Both sets of results bolster the so-called Out of Africa model of human origins. "We think that anything existing in Asian males was replaced by this," says Hammer. Underhill agrees: "I think this speaks persuasively for an Out of Africa origin for modern humans."
But Hammer's group, whose findings are in press in the journal Molecular Biology
and Evolution, has added a twist to the scenario. These researchers also see
evidence that some of Adam's descendants who emigrated to Asia later returned to Africa,
with a new mutation on the Y that arose in Asia. In addition, Hammer says that African
males could have interbred with Asian females, and traces of those women's genes may still
be in our nuclear genome.

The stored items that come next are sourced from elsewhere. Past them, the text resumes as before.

(* Let $\mathbb P\in\mathcal P(\mathbb C)$, let $\tau$ be a finite $(\mathcal B_t)$-stopping time and let $(Q_\omega)_{\omega\in\mathbb C}$ be a regular conditional probability distribution of $\mathbb P$ with respect to $\mathcal B_\tau$. Let $(X_t)_{t\geq0}$ be a bounded continuous process on $\mathbb C$ and $A\in\mathbb R$ such that for every $t\geq0$, $\mathbb E^{\mathbb P}(X_t|\mathcal B_t)\leq A$ $\mathbb P$-a.s. Then there is a $\mathbb P$-null set $N\in\mathcal B_\tau$ such that for all $\omega\notin N$ and all $t\geq\tau(\omega)$, $\mathbb E^{Q_\omega}(X_t|\mathcal B_t)\leq A$ $Q_\omega$-a.s.
   Context: $\mathbb C=C(\mathbb R_+;\mathbb R^d)$ with the locally uniform metric, coordinate process $\omega_t$, $\mathcal B_t=\sigma(\omega_r:r\leq t)$, $\mathcal B=\bigvee_{t\geq0}\mathcal B_t$; $\mathcal P(\mathbb C)$ the probability measures on $(\mathbb C,\mathcal B)$. A regular conditional probability distribution of $\mathbb P$ w.r.t. $\mathcal B_\tau$ is a $\mathcal B_\tau$-measurable map $\omega\mapsto Q_\omega\in\mathcal P(\mathbb C)$ with $Q_\omega(\Gamma)=\mathbb P(\Gamma|\mathcal B_\tau)(\omega)$ for $\mathbb P$-a.e. $\omega$, for each $\Gamma\in\mathcal B$. *)

theory Defs
  imports "HOL-Probability.Probability"
begin

text \<open>A path is represented as a function on all of real,
  continuous on [0,oo) and constant (equal to its value at 0) on the negative reals,
  so this set is in canonical bijection with C(R_+; R^d). R^d is an arbitrary
  Euclidean space 'a.\<close>
definition path_space :: "(real \<Rightarrow> 'a::euclidean_space) set" where
  "path_space = {\<omega>. continuous_on {0..} \<omega> \<and> (\<forall>t<0. \<omega> t = \<omega> 0)}"

text \<open>B_t = sigma(omega_r : r <= t) (coordinate filtration); for t < 0 it is trivial.\<close>
definition coord_filt :: "real \<Rightarrow> (real \<Rightarrow> 'a::euclidean_space) measure" where
  "coord_filt t = sigma path_space
     {(\<lambda>\<omega>. \<omega> r) -` U \<inter> path_space | r U. 0 \<le> r \<and> r \<le> t \<and> open U}"

definition path_sigma :: "(real \<Rightarrow> 'a::euclidean_space) measure" where
  "path_sigma = sigma path_space
     {(\<lambda>\<omega>. \<omega> r) -` U \<inter> path_space | r U. 0 \<le> r \<and> open U}"

definition stopped_sigma :: "((real \<Rightarrow> 'a::euclidean_space) \<Rightarrow> real) \<Rightarrow> (real \<Rightarrow> 'a) measure" where
  "stopped_sigma \<tau> = sigma path_space
     {A \<in> sets path_sigma. \<forall>t\<ge>0. {\<omega> \<in> A. \<tau> \<omega> \<le> t} \<in> sets (coord_filt t)}"

end

theory Submission
  imports Defs
begin

text \<open>Let \<open>K\<close> bound \<open>|X|\<close> and \<open>|A|\<close>, and for \<open>s \<ge> 0\<close> let \<open>Z\<^sub>s\<close> be a version of
  \<open>E\<^sup>P(X\<^sub>s | B\<^sub>s)\<close> clamped into \<open>[-K, A]\<close>; the clamping makes \<open>Z\<^sub>s \<le> A\<close> hold everywhere,
  which matters because \<open>Q\<^sub>\<omega>\<close> may charge \<open>P\<close>-null sets.
  An event \<open>B \<in> B\<^sub>\<tau>\<close> contained in \<open>{\<tau> \<le> s}\<close> lies in \<open>B\<^sub>s\<close>, so disintegrating \<open>P\<close> along \<open>Q\<close>
  gives \<open>\<integral>\<^sub>B (\<integral>\<^sub>\<Gamma> X\<^sub>s dQ\<^sub>\<omega>) dP(\<omega>) = \<integral>\<^sub>B (\<integral>\<^sub>\<Gamma> Z\<^sub>s dQ\<^sub>\<omega>) dP(\<omega>)\<close> for every \<open>\<Gamma> \<in> B\<^sub>s\<close>.
  Hence \<open>\<integral>\<^sub>\<Gamma> X\<^sub>s dQ\<^sub>\<omega> = \<integral>\<^sub>\<Gamma> Z\<^sub>s dQ\<^sub>\<omega>\<close> for \<open>P\<close>-a.e. \<open>\<omega>\<close> with \<open>\<tau>(\<omega>) \<le> s\<close>, and only countably many
  pairs \<open>(s, \<Gamma>)\<close> are needed: rational \<open>s\<close>, and \<open>\<Gamma>\<close> from a countable \<open>\<inter>\<close>-stable generator of
  \<open>B\<^sub>s\<close>. Off the union \<open>N \<in> B\<^sub>\<tau>\<close> of the exceptional sets the identity extends to all of
  \<open>B\<^sub>s\<close>, giving \<open>\<integral>\<^sub>\<Gamma> X\<^sub>s dQ\<^sub>\<omega> \<le> A Q\<^sub>\<omega>(\<Gamma>)\<close> for \<open>\<Gamma> \<in> B\<^sub>t \<subseteq> B\<^sub>s\<close> whenever \<open>\<tau>(\<omega>) \<le> t < s\<close>;
  continuity of \<open>X\<close> and dominated convergence let \<open>s\<close> decrease to \<open>t\<close>, and this integral
  bound on \<open>B\<^sub>t\<close> is equivalent to \<open>E\<^sup>Q\<^sup>\<omega>(X\<^sub>t | B\<^sub>t) \<le> A\<close> a.s.\<close>

section \<open>Conditional expectations and set integrals\<close>

lemma Rats_tendsto_from_above:
  fixes t u :: real
  assumes "t < u"
  obtains q where "\<And>n. q n \<in> \<rat>" "\<And>n. t < q n" "\<And>n. q n < u" "q \<longlonglongrightarrow> t"
proof -
  have "\<exists>q\<in>\<rat>. t < q \<and> q < min u (t + inverse (Suc n))" for n
    using assms by (intro Rats_dense_in_real) auto
  then obtain q where q: "\<And>n. q n \<in> \<rat> \<and> t < q n \<and> q n < min u (t + inverse (Suc n))"
    by metis
  have "q \<longlonglongrightarrow> t"
    by (rule tendsto_sandwich[OF _ _ tendsto_const LIMSEQ_inverse_real_of_nat_add])
       (use q in \<open>auto intro: always_eventually less_imp_le\<close>)
  with q that show ?thesis by auto
qed

lemma integral_le_of_Rats_right_limit:
  fixes X :: "real \<Rightarrow> 'a \<Rightarrow> real"
  assumes "finite_measure M" "0 \<le> t"
    and meas: "\<And>s. 0 \<le> s \<Longrightarrow> X s \<in> borel_measurable M"
    and bnd: "\<And>s x. 0 \<le> s \<Longrightarrow> x \<in> space M \<Longrightarrow> \<bar>X s x\<bar> \<le> K"
    and cont: "\<And>x. x \<in> space M \<Longrightarrow> continuous_on {0..} (\<lambda>s. X s x)"
    and le: "\<And>s. s \<in> \<rat> \<Longrightarrow> t < s \<Longrightarrow> (\<integral>x. X s x \<partial>M) \<le> c"
  shows "(\<integral>x. X t x \<partial>M) \<le> c"
proof -
  interpret finite_measure M by (rule assms(1))
  obtain q where q: "\<And>n. q n \<in> \<rat>" "\<And>n. t < q n" and "q \<longlonglongrightarrow> t"
    using Rats_tendsto_from_above[of t "t + 1"] by (metis less_add_one)
  have q_nonneg: "0 \<le> q n" for n using q(2)[of n] \<open>0 \<le> t\<close> by linarith
  have "(\<lambda>n. \<integral>x. X (q n) x \<partial>M) \<longlonglongrightarrow> (\<integral>x. X t x \<partial>M)"
  proof (rule integral_dominated_convergence[where w="\<lambda>_. K"])
    show "AE x in M. (\<lambda>n. X (q n) x) \<longlonglongrightarrow> X t x"
    proof (rule AE_I2)
      fix x assume "x \<in> space M"
      then show "(\<lambda>n. X (q n) x) \<longlonglongrightarrow> X t x"
        using cont[unfolded continuous_on_sequentially] \<open>q \<longlonglongrightarrow> t\<close> q_nonneg \<open>0 \<le> t\<close>
        by (auto simp: comp_def)
    qed
    show "AE x in M. norm (X (q n) x) \<le> K" for n
      using bnd[OF q_nonneg] by auto
  qed (use meas q_nonneg \<open>0 \<le> t\<close> in auto)
  then show ?thesis
    using le[OF q] by (intro LIMSEQ_le_const2) auto
qed

lemma set_integral_eq_sigma_sets:
  fixes f g :: "'a \<Rightarrow> real"
  assumes E: "Int_stable E" "E \<subseteq> Pow (space M)" "space M \<in> E" "sigma_sets (space M) E \<subseteq> sets M"
    and f: "integrable M f" and g: "integrable M g"
    and eq: "\<And>A. A \<in> E \<Longrightarrow> (\<integral>x\<in>A. f x \<partial>M) = (\<integral>x\<in>A. g x \<partial>M)"
    and A: "A \<in> sigma_sets (space M) E"
  shows "(\<integral>x\<in>A. f x \<partial>M) = (\<integral>x\<in>A. g x \<partial>M)"
proof -
  have set_int: "set_integrable M B h" if "B \<in> sets M" "integrable M h" for B and h :: "'a \<Rightarrow> real"
    using integrable_mult_indicator[OF that] by (simp add: set_integrable_def)
  from E(1,2) A show ?thesis
  proof (induction rule: sigma_sets_induct_disjoint)
    case (basic A)
    then show ?case by (rule eq)
  next
    case empty
    then show ?case by (simp add: set_lebesgue_integral_def)
  next
    case (compl A)
    have A: "A \<in> sets M" using compl.hyps E(4) by blast
    have "(\<integral>x\<in>space M - A. h x \<partial>M) = (\<integral>x\<in>space M. h x \<partial>M) - (\<integral>x\<in>A. h x \<partial>M)"
      if "integrable M h" for h :: "'a \<Rightarrow> real"
      using set_integral_Un[of A "space M - A" M h] A set_int that
      by (simp add: Un_absorb1 sets.sets_into_space)
    then show ?case using compl.IH eq[OF E(3)] f g by simp
  next
    case (union A)
    have A: "range A \<subseteq> sets M" using union.hyps(2) E(4) by blast
    have "(\<integral>x\<in>(\<Union>i. A i). h x \<partial>M) = (\<Sum>i. \<integral>x\<in>A i. h x \<partial>M)" if "integrable M h" for h :: "'a \<Rightarrow> real"
      using union.hyps(1) A that
      by (intro lebesgue_integral_countable_add set_int) (auto simp: disjoint_family_on_def)
    then show ?case using union.IH f g by simp
  qed
qed

lemma (in finite_measure_subalgebra) real_cond_exp_le_const:
  fixes f :: "'a \<Rightarrow> real"
  assumes "integrable M f"
    and le: "\<And>A. A \<in> sets F \<Longrightarrow> (\<integral>x\<in>A. f x \<partial>M) \<le> c * measure M A"
  shows "AE x in M. real_cond_exp M F f x \<le> c"
proof -
  let ?C = "real_cond_exp M F f"
  define G where "G = {x \<in> space F. c < ?C x}"
  let ?h = "\<lambda>x. indicator G x * (?C x - c)"
  have G_F: "G \<in> sets F" unfolding G_def by measurable
  then have G_M: "G \<in> sets M" using subalg by (auto simp: subalgebra_def)
  have int_C: "set_integrable M G ?C"
    unfolding set_integrable_def by (rule integrable_mult_indicator[OF G_M real_cond_exp_int(1)[OF assms(1)]])
  have int_c: "set_integrable M G (\<lambda>_. c)"
    unfolding set_integrable_def by (rule integrable_mult_indicator[OF G_M]) simp
  have "(\<integral>x. ?h x \<partial>M) = (\<integral>x\<in>G. ?C x - c \<partial>M)"
    by (simp add: set_lebesgue_integral_def)
  also have "\<dots> = (\<integral>x\<in>G. ?C x \<partial>M) - (\<integral>x\<in>G. c \<partial>M)"
    by (rule set_integral_diff(2)[OF int_C int_c])
  also have "\<dots> = (\<integral>x\<in>G. f x \<partial>M) - c * measure M G"
    using real_cond_exp_intA[OF assms(1) G_F] set_integral_const[OF G_M, of c] by simp
  also have "\<dots> \<le> 0" using le[OF G_F] by linarith
  finally have "(\<integral>x. ?h x \<partial>M) \<le> 0" .
  moreover have h_nonneg: "0 \<le> ?h x" for x
    by (simp add: G_def split: split_indicator)
  then have "0 \<le> (\<integral>x. ?h x \<partial>M)" by (simp add: integral_nonneg_AE)
  ultimately have "(\<integral>x. ?h x \<partial>M) = 0" by linarith
  moreover have int_h: "integrable M ?h"
    using set_integral_diff(1)[OF int_C int_c] by (simp add: set_integrable_def)
  ultimately have "AE x in M. ?h x = 0"
    using integral_nonneg_eq_0_iff_AE[OF int_h AE_I2[OF h_nonneg]] by blast
  with AE_space show ?thesis
    by eventually_elim (use subalg in \<open>auto simp: G_def subalgebra_def indicator_def not_less\<close>)
qed

lemma (in sigma_finite_subalgebra) real_cond_exp_bounded_version:
  fixes f :: "'a \<Rightarrow> real"
  assumes f: "integrable M f" and "a \<le> b"
    and ge: "AE x in M. a \<le> f x" and le: "AE x in M. real_cond_exp M F f x \<le> b"
  shows "\<exists>g\<in>borel_measurable F. (\<forall>x. a \<le> g x \<and> g x \<le> b) \<and>
           (\<forall>A\<in>sets F. (\<integral>x\<in>A. f x \<partial>M) = (\<integral>x\<in>A. g x \<partial>M))"
proof (intro bexI conjI ballI allI)
  let ?C = "real_cond_exp M F f"
  let ?g = "\<lambda>x. max a (min b (?C x))"
  show "?g \<in> borel_measurable F" by measurable
  fix x show "a \<le> ?g x" "?g x \<le> b" using \<open>a \<le> b\<close> by auto
next
  let ?C = "real_cond_exp M F f"
  fix A assume A: "A \<in> sets F"
  have A_M: "A \<in> sets M" using A subalg by (auto simp: subalgebra_def)
  have "AE x in M. ?C x = max a (min b (?C x))"
    using real_cond_exp_ge_c[OF f ge] le by eventually_elim auto
  then have "(\<integral>x\<in>A. ?C x \<partial>M) = (\<integral>x\<in>A. max a (min b (?C x)) \<partial>M)"
    by (intro set_lebesgue_integral_cong_AE A_M) (auto elim: eventually_mono)
  then show "(\<integral>x\<in>A. f x \<partial>M) = (\<integral>x\<in>A. max a (min b (?C x)) \<partial>M)"
    using real_cond_exp_intA[OF f A] by simp
qed

section \<open>Regular conditional probabilities\<close>

locale regular_cond_prob = prob_space P + finite_measure_subalgebra P F for P F +
  fixes Q :: "'a \<Rightarrow> 'a measure"
  assumes Q_measurable: "Q \<in> F \<rightarrow>\<^sub>M prob_algebra P"
    and Q_cond_prob:
      "\<And>\<Gamma>. \<Gamma> \<in> sets P \<Longrightarrow> AE \<omega> in P. measure (Q \<omega>) \<Gamma> = real_cond_exp P F (indicator \<Gamma>) \<omega>"
begin

lemma space_F: "space F = space P"
  using subalg by (simp add: subalgebra_def)

lemma sets_F_subset: "B \<in> sets F \<Longrightarrow> B \<in> sets P"
  using subalg by (auto simp: subalgebra_def)

lemma prob_space_Q: "\<omega> \<in> space P \<Longrightarrow> prob_space (Q \<omega>)"
  and sets_Q: "\<omega> \<in> space P \<Longrightarrow> sets (Q \<omega>) = sets P"
  using measurable_space[OF Q_measurable, of \<omega>] by (auto simp: space_F space_prob_algebra)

Indeed, other researchers have already reported signs of an
ancient Asian origin for a 
-globin
gene (Science, 25 April, p. 535).
So, Hammer favors a model that shows a wave of modern people coming out of Africa, replacing most of the genes of ancient people, but interbreeding enough to add some ancient non-African genes to our genome. Paleoanthropologist Fred Smith of Northern Illinois University in De Kalb, who proposed one such intermediate model, predicts that like so much of human history, the real story "won't be black or white. Genes and fossils are showing that population dynamics are a lot more complex than we thought."